• [DIRECTIONS] Could you print every line from the first one of the records below through the line containing "0\<close> into \<open>\<delta>\<^sub>R", with both included and nothing else?

[Collection entries]
-.-.-
(* Let $\xi=(\tau_L,\delta_L,\tau_R,\delta_R)\in\Phi_{\rm BYG}$. Then $m_{\rm crit}>2\delta_R$.
   Context: Let $\Phi=\{\xi\in\mathbb{R}^4: \tau_L>\delta_L+1,\ \delta_L>0,\ \tau_R<-(\delta_R+1),\ \delta_R>0\}$. For $\xi\in\Phi$, the matrix $\begin{bmatrix}\tau_L&1\\-\delta_L&0\end{bmatrix}$ has real eigenvalues $0<\lambda_L^s<1<\lambda_L^u$. Let $\phi(\xi)=\delta_R-\left(\tau_R+\delta_L+\delta_R-(1+\tau_R)\lambda_L^u\right)\lambda_L^u$ and $\Phi_{\rm BYG}=\{\xi\in\Phi:\phi(\xi)>0\}$. Let $m_{\rm crit}=\lambda_L^s+\frac{2\tau_L}{(\lambda_L^u)^2-1}$. *)

theory Defs
  imports Complex_Main
begin

text \<open>Eigenvalues of the matrix [[tauL, 1], [-deltaL, 0]], i.e. roots of
  lambda^2 - tauL*lambda + deltaL = 0 (real when tauL > deltaL + 1, deltaL > 0).\<close>
definition lamLu :: "real \<Rightarrow> real \<Rightarrow> real" where
  "lamLu tL dL = (tL + sqrt (tL^2 - 4*dL)) / 2"

definition lamLs :: "real \<Rightarrow> real \<Rightarrow> real" where
  "lamLs tL dL = (tL - sqrt (tL^2 - 4*dL)) / 2"

definition Phi :: "(real \<times> real \<times> real \<times> real) set" where
  "Phi = {(tL, dL, tR, dR). tL > dL + 1 \<and> dL > 0 \<and> tR < -(dR + 1) \<and> dR > 0}"

definition phi :: "real \<times> real \<times> real \<times> real \<Rightarrow> real" where
  "phi xi = (case xi of (tL, dL, tR, dR) \<Rightarrow>
     dR - (tR + dL + dR - (1 + tR) * lamLu tL dL) * lamLu tL dL)"

definition Phi_BYG :: "(real \<times> real \<times> real \<times> real) set" where
  "Phi_BYG = {xi \<in> Phi. phi xi > 0}"

definition m_crit :: "real \<times> real \<times> real \<times> real \<Rightarrow> real" where
  "m_crit xi = (case xi of (tL, dL, tR, dR) \<Rightarrow>
     lamLs tL dL + 2 * tL / ((lamLu tL dL)^2 - 1))"

end

theory Submission
  imports Defs
begin

text \<open>Write \<open>u\<close> and \<open>s\<close> for the unstable and stable eigenvalue, so \<open>u + s = \<tau>\<^sub>L\<close> and
  \<open>u s = \<delta>\<^sub>L\<close>. Expanding \<open>\<phi>\<close> and using \<open>\<tau>\<^sub>R < -(\<delta>\<^sub>R + 1)\<close> together with \<open>u > 1\<close> turns
  \<open>\<phi> > 0\<close> into \<open>\<delta>\<^sub>R (u\<^sup>2 - 1) < u (1 - \<delta>\<^sub>L)\<close>. On the other side,
  \<open>m\<^sub>c\<^sub>r\<^sub>i\<^sub>t (u\<^sup>2 - 1) - 2 u (1 - \<delta>\<^sub>L) = s (3 u\<^sup>2 + 1) > 0\<close>.\<close>

lemma discriminant_pos_if_trace_gt:
  fixes tL dL :: real
  assumes "dL + 1 < tL"
  shows "4 * dL < tL\<^sup>2"
proof (cases "0 \<le> dL + 1")
  case True
  then have "(dL + 1)\<^sup>2 < tL\<^sup>2"
    using assms by (intro power_strict_mono) auto
  moreover have "4 * dL \<le> (dL + 1)\<^sup>2"
    using zero_le_power2[of "dL - 1"] by (simp add: power2_eq_square algebra_simps)
  ultimately show ?thesis by linarith
next
  case False
  then show ?thesis
    using zero_le_power2[of tL] by linarith
qed

lemma lamLu_plus_lamLs: "lamLu tL dL + lamLs tL dL = tL"
  by (simp add: lamLu_def lamLs_def field_simps)

lemma lamLs_le_lamLu:
  assumes "4 * dL \<le> tL\<^sup>2"
  shows "lamLs tL dL \<le> lamLu tL dL"
  using assms by (simp add: lamLu_def lamLs_def)

lemma lamLu_times_lamLs:
  assumes "4 * dL \<le> tL\<^sup>2"
  shows "lamLu tL dL * lamLs tL dL = dL"
proof -
  have "lamLu tL dL * lamLs tL dL = (tL\<^sup>2 - (sqrt (tL\<^sup>2 - 4 * dL))\<^sup>2) / 4"
    by (simp add: lamLu_def lamLs_def power2_eq_square field_simps)
  also have "\<dots> = dL"
    using assms by simp
  finally show ?thesis .
qed

lemma lamLs_lt_one_lt_lamLu:
  assumes "dL + 1 < tL"
  shows "lamLs tL dL < 1" and "1 < lamLu tL dL"
proof -
  have "(1 - lamLu tL dL) * (1 - lamLs tL dL) = 1 - tL + dL"
    using lamLu_plus_lamLs[of tL dL] lamLu_times_lamLs[of dL tL]
      discriminant_pos_if_trace_gt[OF assms]
    by (simp add: algebra_simps)
  with assms have "(1 - lamLu tL dL) * (1 - lamLs tL dL) < 0"
    by simp
  with lamLs_le_lamLu[of dL tL] discriminant_pos_if_trace_gt[OF assms]
  show "lamLs tL dL < 1" and "1 < lamLu tL dL"
    by (auto simp: mult_less_0_iff)
qed

lemma lamLs_pos:
  assumes "dL + 1 < tL" and "0 < dL"
  shows "0 < lamLs tL dL"
proof -
  have "lamLu tL dL * lamLs tL dL > 0"
    using assms lamLu_times_lamLs[of dL tL] discriminant_pos_if_trace_gt[OF assms(1)] by simp
  moreover have "lamLu tL dL > 0"
    using lamLs_lt_one_lt_lamLu(2)[OF assms(1)] by simp
  ultimately show ?thesis
    by (simp add: zero_less_mult_iff)
qed

lemma phi_pos_imp_bound:
  fixes tL dL tR dR :: real
  defines "u \<equiv> lamLu tL dL"
  assumes "1 < u" and "tR < -(dR + 1)" and "0 < phi (tL, dL, tR, dR)"
  shows "dR * (u\<^sup>2 - 1) < u * (1 - dL)"
proof -
  have "phi (tL, dL, tR, dR) = (1 - u) * dR + tR * (u * (u - 1)) + u * (u - dL)"
    by (simp add: phi_def u_def algebra_simps)
  also have "\<dots> < (1 - u) * dR - (dR + 1) * (u * (u - 1)) + u * (u - dL)"
    using mult_strict_right_mono[OF assms(3), of "u * (u - 1)"] assms(2) by (simp add: algebra_simps)
  also have "\<dots> = u * (1 - dL) - dR * (u\<^sup>2 - 1)"
    by (simp add: power2_eq_square algebra_simps)
  finally show ?thesis
    using assms(4) by simp
qed

lemma m_crit_gt:
  fixes tL dL tR dR :: real
  defines "u \<equiv> lamLu tL dL"
  assumes "dL + 1 < tL" and "0 < dL"
  shows "2 * u * (1 - dL) / (u\<^sup>2 - 1) < m_crit (tL, dL, tR, dR)"
proof -
  define s where "s = lamLs tL dL"
  have "1 < u\<^sup>2"
    using lamLs_lt_one_lt_lamLu(2)[OF assms(2)] by (simp add: u_def)
  have "tL = u + s"
    using lamLu_plus_lamLs[of tL dL] by (simp add: u_def s_def)
  moreover have "dL = u * s"
    using lamLu_times_lamLs[of dL tL] discriminant_pos_if_trace_gt[OF assms(2)]
    by (simp add: u_def s_def)
  ultimately have "s * (u\<^sup>2 - 1) + 2 * tL - 2 * u * (1 - dL) = s * (3 * u\<^sup>2 + 1)"
    by (simp add: power2_eq_square algebra_simps)
  moreover have "0 < s * (3 * u\<^sup>2 + 1)"
    using lamLs_pos[OF assms(2,3)] by (simp add: s_def add_nonneg_pos)
  ultimately have "2 * u * (1 - dL) < s * (u\<^sup>2 - 1) + 2 * tL"
    by linarith
  with \<open>1 < u\<^sup>2\<close> have "2 * u * (1 - dL) / (u\<^sup>2 - 1) < (s * (u\<^sup>2 - 1) + 2 * tL) / (u\<^sup>2 - 1)"
    by (simp add: divide_strict_right_mono)
  also have "\<dots> = s + 2 * tL / (u\<^sup>2 - 1)"
    using \<open>1 < u\<^sup>2\<close> by (simp add: add_divide_distrib)
  finally have "2 * u * (1 - dL) / (u\<^sup>2 - 1) < s + 2 * tL / (u\<^sup>2 - 1)" .
  then show ?thesis
    by (simp add: m_crit_def u_def s_def)
qed

theorem lemma4p3:
  fixes tL dL tR dR :: real
  assumes "(tL, dL, tR, dR) \<in> Phi_BYG"
  shows "m_crit (tL, dL, tR, dR) > 2 * dR"
proof -
  define u where "u = lamLu tL dL"
  from assms have trace: "dL + 1 < tL" and "0 < dL" and "tR < -(dR + 1)"
    and "0 < phi (tL, dL, tR, dR)"
    by (auto simp: Phi_BYG_def Phi_def)
  have "1 < u"
    using lamLs_lt_one_lt_lamLu(2)[OF trace] by (simp add: u_def)
  then have "0 < u\<^sup>2 - 1"
    by (simp add: power_less_one_iff one_less_power)
  have "dR * (u\<^sup>2 - 1) < u * (1 - dL)"
    using phi_pos_imp_bound \<open>1 < u\<close> \<open>tR < -(dR + 1)\<close> \<open>0 < phi (tL, dL, tR, dR)\<close>
    by (simp add: u_def)
  with \<open>0 < u\<^sup>2 - 1\<close> have "2 * dR < 2 * u * (1 - dL) / (u\<^sup>2 - 1)"
    by (simp add: field_simps)
  also have "\<dots> < m_crit (tL, dL, tR, dR)"
    using m_crit_gt[OF trace \<open>0 < dL\<close>] by (simp add: u_def)
  finally show ?thesis .
qed

end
-.-.-
• [ANSWER SPACE]
(* Let $\xi=(\tau_L,\delta_L,\tau_R,\delta_R)\in\Phi_{\rm BYG}$. Then $m_{\rm crit}>2\delta_R$.
   Context: Let $\Phi=\{\xi\in\mathbb{R}^4: \tau_L>\delta_L+1,\ \delta_L>0,\ \tau_R<-(\delta_R+1),\ \delta_R>0\}$. For $\xi\in\Phi$, the matrix $\begin{bmatrix}\tau_L&1\\-\delta_L&0\end{bmatrix}$ has real eigenvalues $0<\lambda_L^s<1<\lambda_L^u$. Let $\phi(\xi)=\delta_R-\left(\tau_R+\delta_L+\delta_R-(1+\tau_R)\lambda_L^u\right)\lambda_L^u$ and $\Phi_{\rm BYG}=\{\xi\in\Phi:\phi(\xi)>0\}$. Let $m_{\rm crit}=\lambda_L^s+\frac{2\tau_L}{(\lambda_L^u)^2-1}$. *)

theory Defs
  imports Complex_Main
begin

text \<open>Eigenvalues of the matrix [[tauL, 1], [-deltaL, 0]], i.e. roots of
  lambda^2 - tauL*lambda + deltaL = 0 (real when tauL > deltaL + 1, deltaL > 0).\<close>
definition lamLu :: "real \<Rightarrow> real \<Rightarrow> real" where
  "lamLu tL dL = (tL + sqrt (tL^2 - 4*dL)) / 2"

definition lamLs :: "real \<Rightarrow> real \<Rightarrow> real" where
  "lamLs tL dL = (tL - sqrt (tL^2 - 4*dL)) / 2"

definition Phi :: "(real \<times> real \<times> real \<times> real) set" where
  "Phi = {(tL, dL, tR, dR). tL > dL + 1 \<and> dL > 0 \<and> tR < -(dR + 1) \<and> dR > 0}"

definition phi :: "real \<times> real \<times> real \<times> real \<Rightarrow> real" where
  "phi xi = (case xi of (tL, dL, tR, dR) \<Rightarrow>
     dR - (tR + dL + dR - (1 + tR) * lamLu tL dL) * lamLu tL dL)"

definition Phi_BYG :: "(real \<times> real \<times> real \<times> real) set" where
  "Phi_BYG = {xi \<in> Phi. phi xi > 0}"

definition m_crit :: "real \<times> real \<times> real \<times> real \<Rightarrow> real" where
  "m_crit xi = (case xi of (tL, dL, tR, dR) \<Rightarrow>
     lamLs tL dL + 2 * tL / ((lamLu tL dL)^2 - 1))"

end

theory Submission
  imports Defs
begin

text \<open>Write \<open>u\<close> and \<open>s\<close> for the unstable and stable eigenvalue, so \<open>u + s = \<tau>\<^sub>L\<close> and
  \<open>u s = \<delta>\<^sub>L\<close>. Expanding \<open>\<phi>\<close> and using \<open>\<tau>\<^sub>R < -(\<delta>\<^sub>R + 1)\<close> together with \<open>u > 1\<close> turns
  \<open>\<phi> > 0\<close> into \<open>\<delta>\<^sub>R (u\<^sup>2 - 1) < u (1 - \<delta>\<^sub>L)\<close>. On the other side,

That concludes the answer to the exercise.